**Task directions:**
Please report, as a single number, how many lines in the entries include the string "exists".

**Task material:**
lemma prox_grad_dc_descent:
  fixes g :: "'a::euclidean_space \<Rightarrow> ereal" and f1 f2 :: "'a \<Rightarrow> real"
  assumes proper: "proper_fun g" and closed: "closed_fun g" and convex: "convex_fun g"
    and f1_convex: "convex_on UNIV f1" and f2_convex: "convex_on UNIV f2"
    and f1_grad: "\<And>z. (f1 has_derivative (\<lambda>h. f1' z \<bullet> h)) (at z)"
    and f2_grad: "\<And>z. (f2 has_derivative (\<lambda>h. f2' z \<bullet> h)) (at z)"
    and f1_lip: "L-lipschitz_on UNIV f1'" and f2_lip: "l-lipschitz_on UNIV f2'" and "L > 0"
    and p_eq: "p = prox (\<lambda>z. ereal (1 / L) * g z) (y - (1 / L) *\<^sub>R (f1' y - f2' y))"
    and g_p: "g p = ereal a" and g_z: "g z = ereal b"
  shows "f1 p - f2 p + a \<le> f1 z - f2 z + b + (L + l) / 2 * (norm (z - y))\<^sup>2 - L / 2 * (norm (z - p))\<^sup>2"
proof -
  have "a \<le> b + L * ((p - y) \<bullet> (z - p)) + (f1' y - f2' y) \<bullet> (z - p)"
    by (rule prox_grad_step_optimality[OF proper closed convex \<open>L > 0\<close> p_eq g_p g_z])
  moreover have "f1 p \<le> f1 y + f1' y \<bullet> (p - y) + L / 2 * (norm (p - y))\<^sup>2"
    by (rule lipschitz_gradient_upper_bound[OF f1_grad f1_lip])
  moreover have "f2 y + f2' y \<bullet> (p - y) \<le> f2 p"
    by (rule convex_on_gradient_ineq[OF f2_convex f2_grad])
  moreover have "f1 y + f1' y \<bullet> (z - y) \<le> f1 z"
    by (rule convex_on_gradient_ineq[OF f1_convex f1_grad])
  moreover have "f2 z \<le> f2 y + f2' y \<bullet> (z - y) + l / 2 * (norm (z - y))\<^sup>2"
    by (rule lipschitz_gradient_upper_bound[OF f2_grad f2_lip])
  moreover have "(norm (z - y))\<^sup>2 = (norm (z - p))\<^sup>2 + 2 * ((p - y) \<bullet> (z - p)) + (norm (p - y))\<^sup>2"
    unfolding power2_norm_eq_inner by (simp add: algebra_simps inner_commute)
  then have "L / 2 * (norm (z - y))\<^sup>2 = L / 2 * (norm (z - p))\<^sup>2 + L * ((p - y) \<bullet> (z - p)) + L / 2 * (norm (p - y))\<^sup>2"
    by (simp only: distrib_left)
  moreover have "(f1' y - f2' y) \<bullet> (z - p)
      = f1' y \<bullet> (z - y) - f1' y \<bullet> (p - y) - f2' y \<bullet> (z - y) + f2' y \<bullet> (p - y)"
    by (simp add: inner_diff_left inner_diff_right)
  moreover have "(L + l) / 2 * (norm (z - y))\<^sup>2 = L / 2 * (norm (z - y))\<^sup>2 + l / 2 * (norm (z - y))\<^sup>2"
    by (simp add: algebra_simps)
  ultimately show ?thesis
    by linarith
qed

lemma prox_grad_extrapolation_descent:
  fixes g :: "'a::euclidean_space \<Rightarrow> ereal" and f1 f2 :: "'a \<Rightarrow> real"
  assumes g_pcc: "proper_fun g" "closed_fun g" "convex_fun g"
    and f1_convex: "convex_on UNIV f1" and f2_convex: "convex_on UNIV f2"
    and f1_grad: "\<And>z. (f1 has_derivative (\<lambda>h. f1' z \<bullet> h)) (at z)"
    and f2_grad: "\<And>z. (f2 has_derivative (\<lambda>h. f2' z \<bullet> h)) (at z)"
    and f1_lip: "L-lipschitz_on UNIV f1'" and f2_lip: "l-lipschitz_on UNIV f2'"
    and "L > 0" and "\<alpha> \<le> L / 2"
    and p_eq: "p = prox (\<lambda>z. ereal (1 / L) * g z) (y - (1 / L) *\<^sub>R (f1' y - f2' y))"
    and y_eq: "y = x + \<beta> *\<^sub>R (x - x')"
    and g_p: "g p = ereal a" and g_x: "g x = ereal b"
  shows "f1 p - f2 p + a + \<alpha> * (norm (p - x))\<^sup>2 + (\<alpha> - (L + l) / 2 * \<beta>\<^sup>2) * (norm (x - x'))\<^sup>2
    \<le> f1 x - f2 x + b + \<alpha> * (norm (x - x'))\<^sup>2"
proof -
  have "f1 p - f2 p + a \<le> f1 x - f2 x + b + (L + l) / 2 * (norm (x - y))\<^sup>2 - L / 2 * (norm (x - p))\<^sup>2"
    by (rule prox_grad_dc_descent[OF g_pcc f1_convex f2_convex f1_grad f2_grad f1_lip f2_lip
          \<open>L > 0\<close> p_eq g_p g_x])
  moreover have "(norm (x - y))\<^sup>2 = \<beta>\<^sup>2 * (norm (x - x'))\<^sup>2"
    by (simp add: y_eq power_mult_distrib)
  moreover have "\<alpha> * (norm (p - x))\<^sup>2 \<le> L / 2 * (norm (x - p))\<^sup>2"
    using mult_right_mono[OF \<open>\<alpha> \<le> L / 2\<close> zero_le_power2] by (simp add: norm_minus_commute)
  ultimately show ?thesis
    by (simp add: algebra_simps)
qed

lemma square_le_SUP_square:
  fixes \<beta> :: "nat \<Rightarrow> real"
  assumes "\<And>k. 0 \<le> \<beta> k \<and> \<beta> k \<le> b"
  shows "(\<beta> k)\<^sup>2 \<le> (SUP k. \<beta> k)\<^sup>2"
  using assms by (intro power_mono cSUP_upper bdd_aboveI[of _ b]) auto

lemma descent_sequence_convergent_summable:
  fixes h d :: "nat \<Rightarrow> real"
  assumes d_nonneg: "\<And>k. 0 \<le> d k" and descent: "\<And>k. h (Suc k) + d k \<le> h k"
    and bounded: "\<And>k. B \<le> h k"
  shows "convergent h" "summable d"
proof -
  have "decseq h"
  proof (rule decseq_SucI)
    show "h (Suc k) \<le> h k" for k
      using descent[of k] d_nonneg[of k] by linarith
  qed
  then obtain c where "h \<longlonglongrightarrow> c"
    using bounded decseq_convergent by metis
  then show "convergent h"
    by (rule convergentI)
  show "summable d"
  proof (rule summable_comparison_test')
    show "summable (\<lambda>k. h k - h (Suc k))"
      by (rule telescope_summable') fact
    show "norm (d k) \<le> h k - h (Suc k)" for k
      using d_nonneg[of k] descent[of k] by simp
  qed
qed

theorem lemma3p3:
  fixes g :: "'a::euclidean_space \<Rightarrow> ereal"
    and f1 f2 :: "'a \<Rightarrow> real"
    and f1' f2' :: "'a \<Rightarrow> 'a"
    and L l \<alpha> :: real
    and \<beta> :: "nat \<Rightarrow> real"
    and x :: "nat \<Rightarrow> 'a"
  assumes g_pcc: "proper_fun g" "closed_fun g" "convex_fun g"
    and f1_convex: "convex_on UNIV f1" and f2_convex: "convex_on UNIV f2"
    and f1_grad: "\<And>z. (f1 has_derivative (\<lambda>h. f1' z \<bullet> h)) (at z)"
    and f2_grad: "\<And>z. (f2 has_derivative (\<lambda>h. f2' z \<bullet> h)) (at z)"
    and L_pos: "L > 0" and l_nonneg: "l \<ge> 0" and Ll: "L \<ge> l"
    and f1_lip: "L-lipschitz_on UNIV f1'"
    and f2_lip: "l-lipschitz_on UNIV f2'"
    and F_inf: "(INF z. ereal (f1 z - f2 z) + g z) > -\<infinity>"
    and F_attained: "\<exists>zs. \<forall>z. ereal (f1 zs - f2 zs) + g zs \<le> ereal (f1 z - f2 z) + g z"
    and x0_dom: "g (x 0) < \<infinity>"
    and \<beta>_range: "\<And>k. 0 \<le> \<beta> k \<and> \<beta> k \<le> sqrt (L / (L + l))"
    and x_iter: "\<And>k. x (Suc k) =
        prox (\<lambda>z. ereal (1 / L) * g z)
          ((x k + \<beta> k *\<^sub>R (x k - x (k - 1)))
           - (1 / L) *\<^sub>R (f1' (x k + \<beta> k *\<^sub>R (x k - x (k - 1)))
                          - f2' (x k + \<beta> k *\<^sub>R (x k - x (k - 1)))))"
    and \<alpha>_range: "(L + l) / 2 * (SUP k. \<beta> k)\<^sup>2 \<le> \<alpha>" "\<alpha> \<le> L / 2"
  shows "(\<exists>c::real. (\<lambda>k. ereal (f1 (x k) - f2 (x k)) + g (x k)
                          + ereal (\<alpha> * (norm (x k - x (k - 1)))\<^sup>2)) \<longlonglongrightarrow> ereal c)
       \<and> summable (\<lambda>k. (\<alpha> - (L + l) / 2 * (\<beta> (Suc k))\<^sup>2) * (norm (x (Suc k) - x k))\<^sup>2)"
proof -
  define gx where "gx k = real_of_ereal (g (x k))" for k
  have "g (x k) \<noteq> \<infinity>" for k
    using x0_dom prox_in_dom[OF g_pcc, of "1 / L"] L_pos by (cases k) (auto simp: x_iter)
  then have g_x: "g (x k) = ereal (gx k)" for k
    using g_pcc(1) by (metis proper_funE real_of_ereal.simps(1) gx_def)
  define H where "H k = f1 (x k) - f2 (x k) + gx k + \<alpha> * (norm (x k - x (k - 1)))\<^sup>2" for k
  define d where "d k = (\<alpha> - (L + l) / 2 * (\<beta> k)\<^sup>2) * (norm (x k - x (k - 1)))\<^sup>2" for k
  have descent: "H (Suc k) + d k \<le> H k" for k
    using prox_grad_extrapolation_descent[OF g_pcc f1_convex f2_convex f1_grad f2_grad f1_lip f2_lip
        L_pos \<alpha>_range(2) x_iter refl g_x g_x]
    by (simp add: H_def d_def)
  have "(L + l) / 2 * (\<beta> k)\<^sup>2 \<le> (L + l) / 2 * (SUP k. \<beta> k)\<^sup>2" for k
    using \<beta>_range L_pos l_nonneg by (intro mult_left_mono square_le_SUP_square) auto
  then have \<beta>_sq: "(L + l) / 2 * (\<beta> k)\<^sup>2 \<le> \<alpha>" for k
    using \<alpha>_range(1) order_trans by blast
  then have "0 \<le> \<alpha>"
    using order_trans[OF mult_nonneg_nonneg[of "(L + l) / 2" "(\<beta> 0)\<^sup>2"]] L_pos l_nonneg by simp
  obtain B where B: "ereal B < (INF z. ereal (f1 z - f2 z) + g z)"
    using ereal_dense2[OF F_inf] by blast
  have H_lower: "B \<le> H k" for k
    using order.strict_trans2[OF B INF_lower[of "x k"]] \<open>0 \<le> \<alpha>\<close> by (simp add: H_def g_x add_increasing2)
  have "0 \<le> d k" for k
    using \<beta>_sq[of k] by (simp add: d_def)
  then have "convergent H" "summable d"
    using descent_sequence_convergent_summable[of d H B] descent H_lower by blast+
  moreover have "(\<lambda>k. ereal (f1 (x k) - f2 (x k)) + g (x k) + ereal (\<alpha> * (norm (x k - x (k - 1)))\<^sup>2)) = (\<lambda>k. ereal (H k))"
    by (simp add: H_def g_x)
  ultimately show ?thesis
    by (auto simp: convergent_def d_def summable_Suc_iff[of d, symmetric])
qed

end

**Written response:**
2